WHAT THE TASK ASKS: Find every line below that contains the word "signof" and copy it out.

Stored data entries:
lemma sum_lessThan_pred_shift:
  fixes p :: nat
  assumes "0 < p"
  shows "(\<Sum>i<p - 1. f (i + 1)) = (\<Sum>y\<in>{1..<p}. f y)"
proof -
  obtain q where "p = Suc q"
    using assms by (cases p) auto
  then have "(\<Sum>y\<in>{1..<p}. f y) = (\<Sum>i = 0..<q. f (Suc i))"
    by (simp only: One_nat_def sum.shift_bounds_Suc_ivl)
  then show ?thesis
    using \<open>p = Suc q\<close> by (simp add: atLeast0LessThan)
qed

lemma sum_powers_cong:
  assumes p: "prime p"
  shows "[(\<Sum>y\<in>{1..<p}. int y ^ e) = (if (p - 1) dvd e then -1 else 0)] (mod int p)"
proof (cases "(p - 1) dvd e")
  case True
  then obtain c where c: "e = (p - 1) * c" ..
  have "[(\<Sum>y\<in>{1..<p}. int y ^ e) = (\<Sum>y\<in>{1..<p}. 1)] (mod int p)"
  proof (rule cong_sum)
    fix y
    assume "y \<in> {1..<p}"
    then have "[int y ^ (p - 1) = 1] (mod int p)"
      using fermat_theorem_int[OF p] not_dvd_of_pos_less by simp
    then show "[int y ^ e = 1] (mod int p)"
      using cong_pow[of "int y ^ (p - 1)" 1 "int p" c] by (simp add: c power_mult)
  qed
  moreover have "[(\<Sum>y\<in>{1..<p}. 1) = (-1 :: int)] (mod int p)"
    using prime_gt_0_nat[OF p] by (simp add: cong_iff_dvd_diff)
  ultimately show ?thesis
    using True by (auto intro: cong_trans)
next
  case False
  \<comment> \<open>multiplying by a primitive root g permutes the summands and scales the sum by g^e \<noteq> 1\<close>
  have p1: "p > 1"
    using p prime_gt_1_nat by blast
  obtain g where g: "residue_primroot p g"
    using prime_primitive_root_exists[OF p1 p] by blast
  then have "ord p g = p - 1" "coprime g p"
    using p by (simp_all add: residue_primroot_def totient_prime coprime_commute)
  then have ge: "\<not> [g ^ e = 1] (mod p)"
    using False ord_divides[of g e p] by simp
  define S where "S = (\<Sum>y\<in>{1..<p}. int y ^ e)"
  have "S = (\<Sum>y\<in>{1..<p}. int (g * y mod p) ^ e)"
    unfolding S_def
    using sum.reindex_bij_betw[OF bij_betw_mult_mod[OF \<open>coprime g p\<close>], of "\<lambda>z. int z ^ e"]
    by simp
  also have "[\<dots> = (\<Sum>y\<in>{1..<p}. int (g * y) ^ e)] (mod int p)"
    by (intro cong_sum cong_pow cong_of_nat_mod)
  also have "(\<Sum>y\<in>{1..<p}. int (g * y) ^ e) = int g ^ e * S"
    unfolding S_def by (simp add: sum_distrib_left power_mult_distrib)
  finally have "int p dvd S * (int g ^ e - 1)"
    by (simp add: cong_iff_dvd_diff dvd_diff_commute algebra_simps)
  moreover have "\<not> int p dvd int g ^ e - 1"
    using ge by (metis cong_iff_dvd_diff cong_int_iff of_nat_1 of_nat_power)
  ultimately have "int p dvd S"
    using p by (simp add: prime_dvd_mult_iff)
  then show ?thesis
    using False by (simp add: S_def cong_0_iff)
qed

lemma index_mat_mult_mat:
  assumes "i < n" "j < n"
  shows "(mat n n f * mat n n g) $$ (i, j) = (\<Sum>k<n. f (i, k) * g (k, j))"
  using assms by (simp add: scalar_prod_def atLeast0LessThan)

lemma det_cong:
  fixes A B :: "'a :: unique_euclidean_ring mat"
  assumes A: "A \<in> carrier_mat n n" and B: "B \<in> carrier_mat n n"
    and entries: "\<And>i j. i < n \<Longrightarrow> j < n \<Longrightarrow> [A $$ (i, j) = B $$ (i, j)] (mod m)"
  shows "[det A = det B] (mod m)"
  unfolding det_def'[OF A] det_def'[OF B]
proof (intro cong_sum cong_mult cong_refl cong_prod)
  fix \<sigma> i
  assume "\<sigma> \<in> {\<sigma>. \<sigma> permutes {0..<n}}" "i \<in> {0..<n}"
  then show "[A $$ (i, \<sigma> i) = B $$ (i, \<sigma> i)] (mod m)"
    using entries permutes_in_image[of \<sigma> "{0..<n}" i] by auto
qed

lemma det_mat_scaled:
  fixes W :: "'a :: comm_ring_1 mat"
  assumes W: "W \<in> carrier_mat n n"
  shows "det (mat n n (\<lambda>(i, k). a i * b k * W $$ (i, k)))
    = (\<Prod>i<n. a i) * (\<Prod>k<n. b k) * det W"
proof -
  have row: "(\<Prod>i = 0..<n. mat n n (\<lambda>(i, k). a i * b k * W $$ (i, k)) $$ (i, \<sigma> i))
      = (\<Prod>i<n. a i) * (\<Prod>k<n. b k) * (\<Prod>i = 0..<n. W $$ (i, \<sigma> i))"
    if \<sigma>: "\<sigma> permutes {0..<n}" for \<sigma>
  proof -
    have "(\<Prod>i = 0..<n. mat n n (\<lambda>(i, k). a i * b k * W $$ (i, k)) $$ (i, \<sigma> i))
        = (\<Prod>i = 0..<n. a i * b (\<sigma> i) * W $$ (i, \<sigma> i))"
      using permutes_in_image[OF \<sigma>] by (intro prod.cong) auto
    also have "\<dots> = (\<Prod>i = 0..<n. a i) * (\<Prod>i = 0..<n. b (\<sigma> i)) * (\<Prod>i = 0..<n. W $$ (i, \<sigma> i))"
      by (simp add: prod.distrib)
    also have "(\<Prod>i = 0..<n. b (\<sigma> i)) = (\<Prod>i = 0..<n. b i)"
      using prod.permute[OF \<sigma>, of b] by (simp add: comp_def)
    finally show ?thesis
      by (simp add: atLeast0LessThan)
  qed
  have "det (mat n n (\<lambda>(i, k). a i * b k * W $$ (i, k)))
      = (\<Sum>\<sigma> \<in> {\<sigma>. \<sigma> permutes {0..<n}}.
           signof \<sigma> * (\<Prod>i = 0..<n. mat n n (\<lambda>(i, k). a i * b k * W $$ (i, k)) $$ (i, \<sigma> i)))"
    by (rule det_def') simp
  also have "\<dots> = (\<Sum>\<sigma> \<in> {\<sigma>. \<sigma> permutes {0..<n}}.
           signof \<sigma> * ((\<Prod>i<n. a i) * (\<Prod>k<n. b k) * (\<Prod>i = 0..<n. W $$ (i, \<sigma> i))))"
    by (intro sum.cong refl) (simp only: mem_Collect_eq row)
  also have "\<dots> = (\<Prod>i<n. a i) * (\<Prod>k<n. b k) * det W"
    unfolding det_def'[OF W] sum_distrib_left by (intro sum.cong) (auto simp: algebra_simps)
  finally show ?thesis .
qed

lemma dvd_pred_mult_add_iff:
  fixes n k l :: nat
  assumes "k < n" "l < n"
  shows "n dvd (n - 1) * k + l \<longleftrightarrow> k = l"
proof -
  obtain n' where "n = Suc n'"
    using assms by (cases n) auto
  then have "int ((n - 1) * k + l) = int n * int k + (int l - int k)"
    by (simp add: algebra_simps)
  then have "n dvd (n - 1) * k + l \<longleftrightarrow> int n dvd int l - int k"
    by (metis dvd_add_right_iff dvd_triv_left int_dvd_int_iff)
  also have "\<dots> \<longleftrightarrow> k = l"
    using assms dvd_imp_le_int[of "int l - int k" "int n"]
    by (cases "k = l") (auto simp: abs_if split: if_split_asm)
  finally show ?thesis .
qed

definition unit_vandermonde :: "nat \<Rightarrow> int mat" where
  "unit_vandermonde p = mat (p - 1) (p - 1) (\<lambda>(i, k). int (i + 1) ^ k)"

* * *

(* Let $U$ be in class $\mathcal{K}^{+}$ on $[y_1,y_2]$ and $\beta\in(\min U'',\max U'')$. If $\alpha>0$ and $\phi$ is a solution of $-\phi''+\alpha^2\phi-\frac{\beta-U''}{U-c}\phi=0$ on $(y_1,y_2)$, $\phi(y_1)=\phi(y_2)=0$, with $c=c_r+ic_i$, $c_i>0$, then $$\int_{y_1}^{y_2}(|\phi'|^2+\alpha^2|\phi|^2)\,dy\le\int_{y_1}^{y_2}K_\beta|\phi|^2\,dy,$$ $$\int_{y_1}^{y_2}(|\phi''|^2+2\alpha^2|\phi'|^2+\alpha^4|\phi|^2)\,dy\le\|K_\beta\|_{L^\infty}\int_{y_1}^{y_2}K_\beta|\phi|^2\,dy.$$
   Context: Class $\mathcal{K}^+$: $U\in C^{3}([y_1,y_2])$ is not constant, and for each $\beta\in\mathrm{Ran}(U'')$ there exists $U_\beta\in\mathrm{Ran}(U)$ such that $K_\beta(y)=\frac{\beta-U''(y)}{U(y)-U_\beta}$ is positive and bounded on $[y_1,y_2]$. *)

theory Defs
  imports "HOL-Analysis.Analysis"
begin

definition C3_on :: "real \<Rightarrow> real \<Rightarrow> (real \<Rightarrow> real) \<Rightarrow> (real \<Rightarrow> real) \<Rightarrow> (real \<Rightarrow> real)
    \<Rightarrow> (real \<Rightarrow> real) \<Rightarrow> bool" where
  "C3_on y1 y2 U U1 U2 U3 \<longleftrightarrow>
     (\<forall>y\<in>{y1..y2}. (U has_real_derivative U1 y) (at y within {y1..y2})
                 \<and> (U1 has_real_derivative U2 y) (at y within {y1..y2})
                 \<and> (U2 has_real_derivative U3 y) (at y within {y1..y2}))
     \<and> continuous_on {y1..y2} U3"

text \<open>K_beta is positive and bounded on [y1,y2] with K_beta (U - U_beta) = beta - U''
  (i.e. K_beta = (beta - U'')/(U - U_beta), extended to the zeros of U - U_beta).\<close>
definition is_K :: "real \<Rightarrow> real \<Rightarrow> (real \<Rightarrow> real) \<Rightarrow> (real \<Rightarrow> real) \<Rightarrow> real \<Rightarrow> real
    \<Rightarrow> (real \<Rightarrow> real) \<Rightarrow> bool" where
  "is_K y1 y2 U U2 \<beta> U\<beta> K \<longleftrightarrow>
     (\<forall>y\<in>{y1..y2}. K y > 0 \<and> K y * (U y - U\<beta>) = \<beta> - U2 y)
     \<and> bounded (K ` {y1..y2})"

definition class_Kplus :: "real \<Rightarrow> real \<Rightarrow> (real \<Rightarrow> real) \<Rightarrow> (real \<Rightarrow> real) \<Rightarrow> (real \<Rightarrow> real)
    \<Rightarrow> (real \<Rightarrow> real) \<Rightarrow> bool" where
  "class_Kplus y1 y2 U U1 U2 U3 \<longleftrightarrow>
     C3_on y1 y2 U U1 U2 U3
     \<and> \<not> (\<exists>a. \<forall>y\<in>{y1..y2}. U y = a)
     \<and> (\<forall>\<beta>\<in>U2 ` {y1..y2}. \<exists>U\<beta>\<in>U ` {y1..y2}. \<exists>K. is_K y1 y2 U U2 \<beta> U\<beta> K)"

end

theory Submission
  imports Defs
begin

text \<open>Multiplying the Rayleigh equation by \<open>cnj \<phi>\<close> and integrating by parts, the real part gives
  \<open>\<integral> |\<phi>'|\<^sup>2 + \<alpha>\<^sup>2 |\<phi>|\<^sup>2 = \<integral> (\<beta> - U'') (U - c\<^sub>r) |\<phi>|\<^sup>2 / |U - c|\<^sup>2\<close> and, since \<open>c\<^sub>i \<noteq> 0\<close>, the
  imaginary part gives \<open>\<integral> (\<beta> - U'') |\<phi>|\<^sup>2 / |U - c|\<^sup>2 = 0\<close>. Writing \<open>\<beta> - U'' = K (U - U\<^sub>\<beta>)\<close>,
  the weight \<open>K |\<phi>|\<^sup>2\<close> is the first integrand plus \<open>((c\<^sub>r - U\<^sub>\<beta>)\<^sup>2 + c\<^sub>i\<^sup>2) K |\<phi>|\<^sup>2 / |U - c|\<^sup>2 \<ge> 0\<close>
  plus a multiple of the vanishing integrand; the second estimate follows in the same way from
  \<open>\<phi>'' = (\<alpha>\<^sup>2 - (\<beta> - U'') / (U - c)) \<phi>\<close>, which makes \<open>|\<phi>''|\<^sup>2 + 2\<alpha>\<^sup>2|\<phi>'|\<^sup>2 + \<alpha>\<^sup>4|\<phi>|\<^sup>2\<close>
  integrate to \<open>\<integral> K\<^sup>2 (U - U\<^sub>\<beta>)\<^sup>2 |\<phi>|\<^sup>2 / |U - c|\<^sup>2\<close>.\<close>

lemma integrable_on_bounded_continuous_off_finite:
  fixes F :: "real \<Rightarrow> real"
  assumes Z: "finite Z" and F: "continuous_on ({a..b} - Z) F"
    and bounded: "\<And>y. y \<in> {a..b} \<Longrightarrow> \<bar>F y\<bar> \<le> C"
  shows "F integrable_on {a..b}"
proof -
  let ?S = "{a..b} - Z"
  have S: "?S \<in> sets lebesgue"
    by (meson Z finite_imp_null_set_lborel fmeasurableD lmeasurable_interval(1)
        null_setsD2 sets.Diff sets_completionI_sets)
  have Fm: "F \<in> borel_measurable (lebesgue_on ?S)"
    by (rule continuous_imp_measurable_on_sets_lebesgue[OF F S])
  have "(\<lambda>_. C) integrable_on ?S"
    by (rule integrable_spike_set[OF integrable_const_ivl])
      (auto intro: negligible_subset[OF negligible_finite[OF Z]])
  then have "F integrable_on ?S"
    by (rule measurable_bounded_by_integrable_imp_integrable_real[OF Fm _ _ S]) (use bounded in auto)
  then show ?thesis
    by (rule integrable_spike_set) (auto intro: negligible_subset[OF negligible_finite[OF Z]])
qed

* * *

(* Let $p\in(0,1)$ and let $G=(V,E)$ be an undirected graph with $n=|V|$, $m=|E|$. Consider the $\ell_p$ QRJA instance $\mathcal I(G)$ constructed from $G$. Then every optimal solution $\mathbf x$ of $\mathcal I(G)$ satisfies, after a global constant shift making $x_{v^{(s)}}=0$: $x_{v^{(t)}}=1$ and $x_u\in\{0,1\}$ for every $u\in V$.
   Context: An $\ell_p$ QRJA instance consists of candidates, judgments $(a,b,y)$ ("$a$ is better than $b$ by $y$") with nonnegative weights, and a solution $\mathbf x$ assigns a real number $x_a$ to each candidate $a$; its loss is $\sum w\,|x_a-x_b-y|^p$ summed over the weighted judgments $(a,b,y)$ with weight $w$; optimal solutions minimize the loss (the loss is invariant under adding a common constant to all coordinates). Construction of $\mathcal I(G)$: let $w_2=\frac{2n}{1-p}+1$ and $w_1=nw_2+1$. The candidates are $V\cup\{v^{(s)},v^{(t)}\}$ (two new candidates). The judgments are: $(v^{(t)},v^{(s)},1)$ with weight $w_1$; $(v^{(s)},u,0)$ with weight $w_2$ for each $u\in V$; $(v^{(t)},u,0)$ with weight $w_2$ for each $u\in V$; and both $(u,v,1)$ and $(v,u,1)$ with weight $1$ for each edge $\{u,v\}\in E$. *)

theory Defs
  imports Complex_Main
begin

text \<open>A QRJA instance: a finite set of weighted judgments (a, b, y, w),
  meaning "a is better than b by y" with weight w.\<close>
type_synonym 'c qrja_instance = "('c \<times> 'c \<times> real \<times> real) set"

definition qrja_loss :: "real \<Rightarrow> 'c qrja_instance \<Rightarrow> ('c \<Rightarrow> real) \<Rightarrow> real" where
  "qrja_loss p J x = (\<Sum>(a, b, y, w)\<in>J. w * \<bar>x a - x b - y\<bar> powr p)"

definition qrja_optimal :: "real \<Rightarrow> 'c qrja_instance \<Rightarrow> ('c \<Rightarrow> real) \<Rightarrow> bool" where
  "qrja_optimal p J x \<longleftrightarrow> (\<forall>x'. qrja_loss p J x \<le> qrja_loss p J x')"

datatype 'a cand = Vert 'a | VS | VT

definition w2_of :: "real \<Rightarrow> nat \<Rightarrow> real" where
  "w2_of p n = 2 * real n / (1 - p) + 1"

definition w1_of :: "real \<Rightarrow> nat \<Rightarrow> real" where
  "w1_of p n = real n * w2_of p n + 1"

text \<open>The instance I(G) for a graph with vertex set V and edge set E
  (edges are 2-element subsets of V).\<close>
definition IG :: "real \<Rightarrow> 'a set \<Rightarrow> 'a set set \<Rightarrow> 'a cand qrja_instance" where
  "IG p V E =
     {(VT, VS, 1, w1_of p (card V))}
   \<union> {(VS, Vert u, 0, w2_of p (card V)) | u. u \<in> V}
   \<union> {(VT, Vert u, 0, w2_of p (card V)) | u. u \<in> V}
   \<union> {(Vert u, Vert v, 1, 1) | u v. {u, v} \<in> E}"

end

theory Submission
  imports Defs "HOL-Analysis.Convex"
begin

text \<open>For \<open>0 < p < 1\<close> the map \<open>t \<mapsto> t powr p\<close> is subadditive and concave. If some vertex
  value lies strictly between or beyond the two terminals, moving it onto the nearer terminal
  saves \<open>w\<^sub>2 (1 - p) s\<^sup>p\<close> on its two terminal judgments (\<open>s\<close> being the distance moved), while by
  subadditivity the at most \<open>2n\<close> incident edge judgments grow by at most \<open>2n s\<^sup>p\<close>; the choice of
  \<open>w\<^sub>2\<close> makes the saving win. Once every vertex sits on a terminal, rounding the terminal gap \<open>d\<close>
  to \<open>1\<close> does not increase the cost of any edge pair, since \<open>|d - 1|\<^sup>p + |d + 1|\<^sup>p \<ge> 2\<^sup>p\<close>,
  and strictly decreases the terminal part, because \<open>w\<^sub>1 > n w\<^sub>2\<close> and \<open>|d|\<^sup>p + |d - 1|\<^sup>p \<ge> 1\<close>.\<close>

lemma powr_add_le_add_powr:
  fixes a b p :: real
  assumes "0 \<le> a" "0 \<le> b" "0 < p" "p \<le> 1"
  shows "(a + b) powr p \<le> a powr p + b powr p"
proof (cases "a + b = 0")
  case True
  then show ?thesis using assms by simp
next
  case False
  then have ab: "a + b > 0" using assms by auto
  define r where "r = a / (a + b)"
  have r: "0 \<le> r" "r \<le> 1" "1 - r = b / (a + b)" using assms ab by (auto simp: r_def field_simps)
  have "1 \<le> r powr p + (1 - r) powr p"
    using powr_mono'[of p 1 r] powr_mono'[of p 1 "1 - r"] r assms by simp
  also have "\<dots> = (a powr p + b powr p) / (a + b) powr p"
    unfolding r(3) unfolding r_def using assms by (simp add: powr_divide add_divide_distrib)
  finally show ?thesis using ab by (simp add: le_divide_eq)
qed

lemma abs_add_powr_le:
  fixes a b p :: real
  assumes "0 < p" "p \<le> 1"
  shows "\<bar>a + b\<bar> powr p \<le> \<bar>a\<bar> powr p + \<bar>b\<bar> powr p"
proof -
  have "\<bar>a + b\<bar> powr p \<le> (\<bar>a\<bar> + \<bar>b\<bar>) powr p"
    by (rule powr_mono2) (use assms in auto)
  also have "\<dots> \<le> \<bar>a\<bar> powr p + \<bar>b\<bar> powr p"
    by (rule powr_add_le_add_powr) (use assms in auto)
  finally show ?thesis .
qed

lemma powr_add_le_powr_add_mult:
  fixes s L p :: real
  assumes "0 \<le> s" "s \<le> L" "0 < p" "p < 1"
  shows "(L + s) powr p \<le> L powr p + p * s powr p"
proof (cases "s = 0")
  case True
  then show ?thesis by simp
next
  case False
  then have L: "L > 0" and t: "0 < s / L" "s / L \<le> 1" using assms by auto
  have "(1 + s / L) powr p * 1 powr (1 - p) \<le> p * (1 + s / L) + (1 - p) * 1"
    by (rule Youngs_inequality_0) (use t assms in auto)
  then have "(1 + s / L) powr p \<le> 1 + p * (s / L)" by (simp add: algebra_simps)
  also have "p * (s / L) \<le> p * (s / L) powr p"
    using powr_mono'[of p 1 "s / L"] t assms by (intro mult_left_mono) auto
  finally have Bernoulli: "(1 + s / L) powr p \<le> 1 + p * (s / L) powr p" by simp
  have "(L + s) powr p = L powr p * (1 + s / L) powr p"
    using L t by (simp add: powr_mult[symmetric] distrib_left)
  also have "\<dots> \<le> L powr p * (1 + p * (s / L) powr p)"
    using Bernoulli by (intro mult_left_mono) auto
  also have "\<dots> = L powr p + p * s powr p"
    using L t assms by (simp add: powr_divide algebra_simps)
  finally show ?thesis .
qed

EXPECTED ANSWER:
           signof \<sigma> * (\<Prod>i = 0..<n. mat n n (\<lambda>(i, k). a i * b k * W $$ (i, k)) $$ (i, \<sigma> i)))"
           signof \<sigma> * ((\<Prod>i<n. a i) * (\<Prod>k<n. b k) * (\<Prod>i = 0..<n. W $$ (i, \<sigma> i))))"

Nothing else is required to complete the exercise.